Given information:
lemma bridge_comp_connected_in_block:
  assumes C: "C \<in> comps" and xy: "x \<in> C" "y \<in> C"
  shows "(x,y) \<in> (edge_rel_on H (incident_edges G C) (-{a}))\<^sup>*"
proof -
  have "y \<in> bridge_comp G a b x" using comps_eq_bridge_comp[OF C] xy by blast
  then have walk: "(x,y) \<in> (edge_rel_on G (edges G) R)\<^sup>*" by (simp add: bridge_comp_def)
  have step: "w \<in> C \<and> (u,w) \<in> edge_rel_on H (incident_edges G C) (-{a})"
    if uw: "(u,w) \<in> edge_rel_on G (edges G) R" "u \<in> C" for u w
  proof -
    obtain e where e: "e \<in> edges G" "ends G e \<subseteq> R" "u \<in> ends G e" "w \<in> ends G e"
      using uw(1) unfolding edge_rel_on_def by blast
    have "w \<in> C" using comps_adjacent_closed[OF C uw(2) e(1) e(3) e(4)] e by blast
    moreover have "e \<in> incident_edges G C" using e uw unfolding incident_edges_def by blast
    moreover have "ends H e = ends G e" unfolding ends_identify using e(2) by auto
    ultimately show ?thesis using e unfolding edge_rel_on_def by auto
  qed
  show ?thesis using rtrancl_into_closed_subrel[OF walk xy(1) step] by simp
qed

lemma nonseparable_bridge_block: assumes C: "C \<in> comps" shows "nonseparable (bridge_block G a b C)"
proof -
  have vQ: "verts (bridge_block G a b C) = insert a C"
    and eQ: "edges (bridge_block G a b C) = incident_edges G C"
    and enQ: "ends (bridge_block G a b C) = ends H" by (simp_all add: bridge_block_def)
  have to_a: "(x,a) \<in> (edge_rel_on H (incident_edges G C) (-{v}))\<^sup>*"
    if "x \<in> insert a C - {v}" "v \<noteq> a" for x v
    using that bridge_block_reach[OF C] by (cases "x = a") auto
  have "(x,a) \<in> (edge_rel_on H (incident_edges G C) UNIV)\<^sup>*" if "x \<in> insert a C" for x
  proof -
    have "x \<in> insert a C - {b}" using that ab comps_avoid_ends[OF C] by auto
    then show ?thesis using to_a[of x b] ab by (auto elim: rtrancl_edge_rel_on_mono)
  qed
  then have "(x,y) \<in> (edge_rel_on H (incident_edges G C) UNIV)\<^sup>*"
    if "x \<in> insert a C" "y \<in> insert a C" for x y
    using that by (rule rtrancl_edge_rel_on_hub)
  then have con: "connected_graph (bridge_block G a b C)"
    unfolding connected_graph_def edge_rel_eq_edge_rel_on vQ eQ edge_rel_on_bridge_block by simp
  have ncut: "\<not> cut_vertex (bridge_block G a b C) v" for v
  proof (rule not_cut_vertexI, unfold vQ eQ edge_rel_on_bridge_block)
    fix x y assume xy: "x \<in> insert a C - {v}" "y \<in> insert a C - {v}"
    show "(x,y) \<in> (edge_rel_on H (incident_edges G C) (-{v}))\<^sup>*"
    proof (cases "v = a")
      case True
      then show ?thesis using bridge_comp_connected_in_block[OF C] xy by blast
    next
      case False
      then show ?thesis using rtrancl_edge_rel_on_hub[OF to_a xy] by blast
    qed
  qed
  have nl: "\<forall>e\<in>edges (bridge_block G a b C). \<not> is_loop (bridge_block G a b C) e"
    unfolding eQ is_loop_def enQ using card_ends_bridge_block[OF C] by simp
  show ?thesis unfolding nonseparable_def using con ncut nl by blast
qed

lemma subgraph_identifyD:
  assumes "subgraph K H"
  shows "verts K \<subseteq> verts G - {b}" "edges K \<subseteq> edges G" "ends K = ends H"
    "\<forall>e\<in>edges K. ends H e \<subseteq> verts K"
  using assms unfolding subgraph_def by (simp_all add: identify_def)

lemma ends_identify_nonempty: "e \<in> edges G \<Longrightarrow> ends H e \<noteq> {}"
  unfolding ends_identify using ends_nonempty by blast

lemma finite_ends_identify: "e \<in> edges G \<Longrightarrow> finite (ends H e)"
  unfolding ends_identify using card_ends by (metis card.infinite finite_imageI zero_neq_numeral)

lemma nonloop_other_end: "e \<in> edges G \<Longrightarrow> card (ends H e) \<noteq> 1 \<Longrightarrow> \<exists>y\<in>ends H e. y \<noteq> a"
proof (rule ccontr)
  assume h: "e \<in> edges G" "card (ends H e) \<noteq> 1" "\<not> (\<exists>y\<in>ends H e. y \<noteq> a)"
  then have "ends H e \<subseteq> {a}" by (simp only: subset_eq Ball_def) blast
  then have "ends H e = {a}" using ends_identify_nonempty[OF h(1)]
    by (simp only: subset_singleton_iff) blast
  then show False using h(2) by simp
qed

lemma nonseparable_loop_free:
  assumes K: "subgraph K H" "nonseparable K" and e: "e \<in> edges K" "\<not> is_loop K e"
  shows "\<forall>e'\<in>edges K. \<not> is_loop K e'"
proof (rule ccontr)
  assume "\<not> (\<forall>e'\<in>edges K. \<not> is_loop K e')"
  then have c1: "card (verts K) = 1" using K(2) unfolding nonseparable_def by blast
  have S: "verts K \<subseteq> verts G - {b}" "edges K \<subseteq> edges G" "ends K = ends H" "ends H e \<subseteq> verts K"
    using subgraph_identifyD[OF K(1)] e by auto
  have fK: "finite (verts K)" using S(1) finite_verts finite_subset by blast
  have eG: "e \<in> edges G" using S e by blast
  have "card (ends H e) \<noteq> 1" using e(2) S(3) unfolding is_loop_def by simp
  moreover have "card (ends H e) \<noteq> 0"
    using ends_identify_nonempty[OF eG] finite_ends_identify[OF eG] by simp
  moreover have "card (ends H e) \<le> 1" using card_mono[OF fK S(4)] c1 by simp
  ultimately show False by linarith
qed

lemma edge_rel_on_subgraph_identify_avoiding:
  assumes "subgraph K H"
  shows "edge_rel_on K (edges K) (-{a}) \<subseteq> edge_rel_on G (edges G) R"
proof
  fix p assume "p \<in> edge_rel_on K (edges K) (-{a})"
  then obtain x y e
    where e: "p = (x,y)" "e \<in> edges K" "ends H e \<subseteq> -{a}" "x \<in> ends H e" "y \<in> ends H e"
    using subgraph_identifyD[OF assms] unfolding edge_rel_on_def by auto
  have eG: "e \<in> edges G" using e subgraph_identifyD[OF assms] by blast
  have "a \<notin> ends G e" "b \<notin> ends G e" using e(3) unfolding ends_identify by auto
  then have "ends H e = ends G e" "ends G e \<subseteq> R"
    using ends_subset[OF eG] unfolding ends_identify by auto
  then show "p \<in> edge_rel_on G (edges G) R" unfolding edge_rel_on_def using e eG by auto
qed

text \<open>K - a is connected and, away from a, walks in G/ab are walks in G - {a, b}.\<close>
lemma nonseparable_subgraph_identify_verts:
  assumes C: "C \<in> comps" and K: "subgraph K H" "nonseparable K" and c: "c \<in> C" "c \<in> verts K"
  shows "verts K \<subseteq> insert a C"
proof
  fix z assume z: "z \<in> verts K"
  show "z \<in> insert a C"
  proof (rule ccontr)
    assume nz: "z \<notin> insert a C"
    have ca: "c \<noteq> a" using c comps_avoid_ends[OF C] by blast
    have "(c,z) \<in> (edge_rel K)\<^sup>*" using K(2) c z unfolding nonseparable_def connected_graph_def
      by blast
    have "(c,z) \<in> (edge_rel_on K (edges K) (-{a}))\<^sup>*"
    proof (cases "a \<in> verts K")
      case True
      have "\<not> cut_vertex K a" using K(2) unfolding nonseparable_def by blast
      then have "(c,z) \<in> (edge_rel (delete_vertex K a))\<^sup>*"
        using True c z ca nz \<open>(c,z) \<in> (edge_rel K)\<^sup>*\<close> unfolding cut_vertex_def by blast
      then show ?thesis by (simp add: edge_rel_delete_vertex)
    next
      case False
      then have "edge_rel_on K (edges K) UNIV = edge_rel_on K (edges K) (-{a})"
        using subgraph_identifyD[OF K(1)] by (intro edge_rel_on_UNIV) auto
      then show ?thesis using \<open>(c,z) \<in> (edge_rel K)\<^sup>*\<close> by (simp add: edge_rel_eq_edge_rel_on)
    qed
    then have "(c,z) \<in> (edge_rel_on G (edges G) R)\<^sup>*"
      using rtrancl_mono[OF edge_rel_on_subgraph_identify_avoiding[OF K(1)]] by blast
    then have "z \<in> C" using comps_eq_bridge_comp[OF C c(1)] by (simp add: bridge_comp_def)
    then show False using nz by blast
  qed
qed

lemma subgraph_bridge_block:
  assumes C: "C \<in> comps" and K: "subgraph K H" "nonseparable K" "\<forall>e\<in>edges K. \<not> is_loop K e"
    and c: "c \<in> C" "c \<in> verts K"
  shows "subgraph K (bridge_block G a b C)"
proof -
  note S = subgraph_identifyD[OF K(1)]
  have VK: "verts K \<subseteq> insert a C" by (rule nonseparable_subgraph_identify_verts[OF C K(1,2) c])
  have EK: "edges K \<subseteq> incident_edges G C"
  proof
    fix e assume e: "e \<in> edges K"
    have eG: "e \<in> edges G" using e S by blast
    have "card (ends H e) \<noteq> 1" using K(3) e S(3) unfolding is_loop_def by simp
    then obtain y where y: "y \<in> ends H e" "y \<noteq> a" using nonloop_other_end[OF eG] by blast
    have "y \<in> C" using y VK S(4) e by blast
    obtain p where p: "p \<in> ends G e" "y = merge p" using y(1) unfolding ends_identify by blast
    then have "p \<in> C" using \<open>y \<in> C\<close> y(2) by (auto split: if_splits)
    then show "e \<in> incident_edges G C" unfolding incident_edges_def using eG p by blast
  qed
  show ?thesis unfolding subgraph_def using VK EK S by (simp add: bridge_block_def)
qed

lemma bridge_block_subgraph: assumes C: "C \<in> comps" shows "subgraph (bridge_block G a b C) H"
proof -
  have "insert a C \<subseteq> verts G - {b}"
    using av ab comps_subset_rest[OF C] comps_avoid_ends[OF C] by auto
  moreover have "incident_edges G C \<subseteq> edges G" by (auto simp: incident_edges_def)
  moreover have "\<forall>e\<in>incident_edges G C. ends H e \<subseteq> insert a C"
  proof
    fix e assume "e \<in> incident_edges G C"
    then have "ends G e \<subseteq> insert a (insert b C)" by (rule incident_edges_ends[OF C])
    then show "ends H e \<subseteq> insert a C" unfolding ends_identify by auto
  qed
  ultimately show ?thesis unfolding subgraph_def by (simp add: bridge_block_def identify_def)
qed

lemma incident_edges_nonempty: "C \<in> comps \<Longrightarrow> incident_edges G C \<noteq> {}"
  using card_incident_edges by fastforce

lemma bridge_block_in_blocks: assumes C: "C \<in> comps" shows "bridge_block G a b C \<in> blocks H"
proof -
  have "K = bridge_block G a b C"
    if K: "subgraph K H" "nonseparable K" "subgraph (bridge_block G a b C) K" for K
  proof -
    obtain e0 where e0: "e0 \<in> incident_edges G C" using incident_edges_nonempty[OF C] by blast
    have SQ: "verts (bridge_block G a b C) \<subseteq> verts K" "edges (bridge_block G a b C) \<subseteq> edges K"
      "ends K = ends H"
      using K(3) subgraph_identifyD[OF K(1)] unfolding subgraph_def by auto
    have e0K: "e0 \<in> edges K" using e0 SQ by (auto simp: bridge_block_def)
    have "\<not> is_loop K e0" using card_ends_bridge_block[OF C e0] SQ(3) unfolding is_loop_def by simp
    then have lf: "\<forall>e\<in>edges K. \<not> is_loop K e" using nonseparable_loop_free[OF K(1,2) e0K] by blast
    obtain c where c: "c \<in> C" using comps_nonempty[OF C] by blast
    have "c \<in> verts K" using c SQ by (auto simp: bridge_block_def)
    then have "subgraph K (bridge_block G a b C)" using subgraph_bridge_block[OF C K(1,2) lf c]
      by blast
    then show ?thesis using K(3) subgraph_antisym by blast
  qed
  then show ?thesis unfolding blocks_def
    using bridge_block_subgraph[OF C] nonseparable_bridge_block[OF C] by blast
qed

lemma ends_identify_joining: "e \<in> joining_edges G a b \<Longrightarrow> ends H e = {a}"
  unfolding joining_edges_def ends_identify by auto

lemma nonseparable_loop_block: "nonseparable (loop_block G a b e)"
proof -
  have "connected_graph (loop_block G a b e)" by (simp add: connected_graph_def loop_block_def)
  moreover have "\<not> cut_vertex (loop_block G a b e) v" for v
    by (simp add: cut_vertex_def loop_block_def)
  ultimately show ?thesis unfolding nonseparable_def by (simp add: loop_block_def)
qed

lemma loop_block_in_blocks: assumes e: "e \<in> joining_edges G a b"
  shows "loop_block G a b e \<in> blocks H"
proof -
  have eG: "e \<in> edges G" using e by (simp add: joining_edges_def)
  have sub: "subgraph (loop_block G a b e) H"
    unfolding subgraph_def using ends_identify_joining[OF e] av ab eG
      by (simp add: loop_block_def identify_def)
  have "K = loop_block G a b e"
    if K: "subgraph K H" "nonseparable K" "subgraph (loop_block G a b e) K" for K
  proof -
    have SQ: "a \<in> verts K" "e \<in> edges K" "ends K = ends H"
      using K(3) subgraph_identifyD[OF K(1)] unfolding subgraph_def by (auto simp: loop_block_def)
    have "is_loop K e" unfolding is_loop_def SQ(3) ends_identify_joining[OF e] by simp
    then have c: "card (verts K) = 1" "card (edges K) = 1" using K(2) SQ(2)
      unfolding nonseparable_def by blast+
    have "verts K = {a}" using c(1) SQ(1) by (metis card_1_singletonE singletonD)
    moreover have "edges K = {e}" using c(2) SQ(2) by (metis card_1_singletonE singletonD)
    ultimately show ?thesis using SQ(3) by (intro mgraph.equality) (simp_all add: loop_block_def)
  qed
  then show ?thesis unfolding blocks_def using sub nonseparable_loop_block by blast
qed


lemma joining_edgeI:
  assumes e: "e \<in> edges G" and loop: "card (ends H e) = 1"
  shows "e \<in> joining_edges G a b"
proof -
  obtain p q where pq: "p \<noteq> q" "ends G e = {p,q}" using ends_doubleton[OF e] by blast
  have "ends H e = {merge p, merge q}" by (simp only: ends_identify pq(2) image_insert image_empty)
  then have "merge p = merge q" using loop by (cases "merge p = merge q") auto
  then have "{p,q} = {a,b}" using pq(1) by (auto split: if_splits)
  then show ?thesis using e pq by (simp add: joining_edges_def)
qed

Brief: Which lines above run from the one containing "unfolding connected_graph_def edge_rel_eq_edge_rel_on" to the one containing "G \<Longrightarrow> ends"? Give them again exactly, both ends included.

Answer below:
    unfolding connected_graph_def edge_rel_eq_edge_rel_on vQ eQ edge_rel_on_bridge_block by simp
  have ncut: "\<not> cut_vertex (bridge_block G a b C) v" for v
  proof (rule not_cut_vertexI, unfold vQ eQ edge_rel_on_bridge_block)
    fix x y assume xy: "x \<in> insert a C - {v}" "y \<in> insert a C - {v}"
    show "(x,y) \<in> (edge_rel_on H (incident_edges G C) (-{v}))\<^sup>*"
    proof (cases "v = a")
      case True
      then show ?thesis using bridge_comp_connected_in_block[OF C] xy by blast
    next
      case False
      then show ?thesis using rtrancl_edge_rel_on_hub[OF to_a xy] by blast
    qed
  qed
  have nl: "\<forall>e\<in>edges (bridge_block G a b C). \<not> is_loop (bridge_block G a b C) e"
    unfolding eQ is_loop_def enQ using card_ends_bridge_block[OF C] by simp
  show ?thesis unfolding nonseparable_def using con ncut nl by blast
qed

lemma subgraph_identifyD:
  assumes "subgraph K H"
  shows "verts K \<subseteq> verts G - {b}" "edges K \<subseteq> edges G" "ends K = ends H"
    "\<forall>e\<in>edges K. ends H e \<subseteq> verts K"
  using assms unfolding subgraph_def by (simp_all add: identify_def)

lemma ends_identify_nonempty: "e \<in> edges G \<Longrightarrow> ends H e \<noteq> {}"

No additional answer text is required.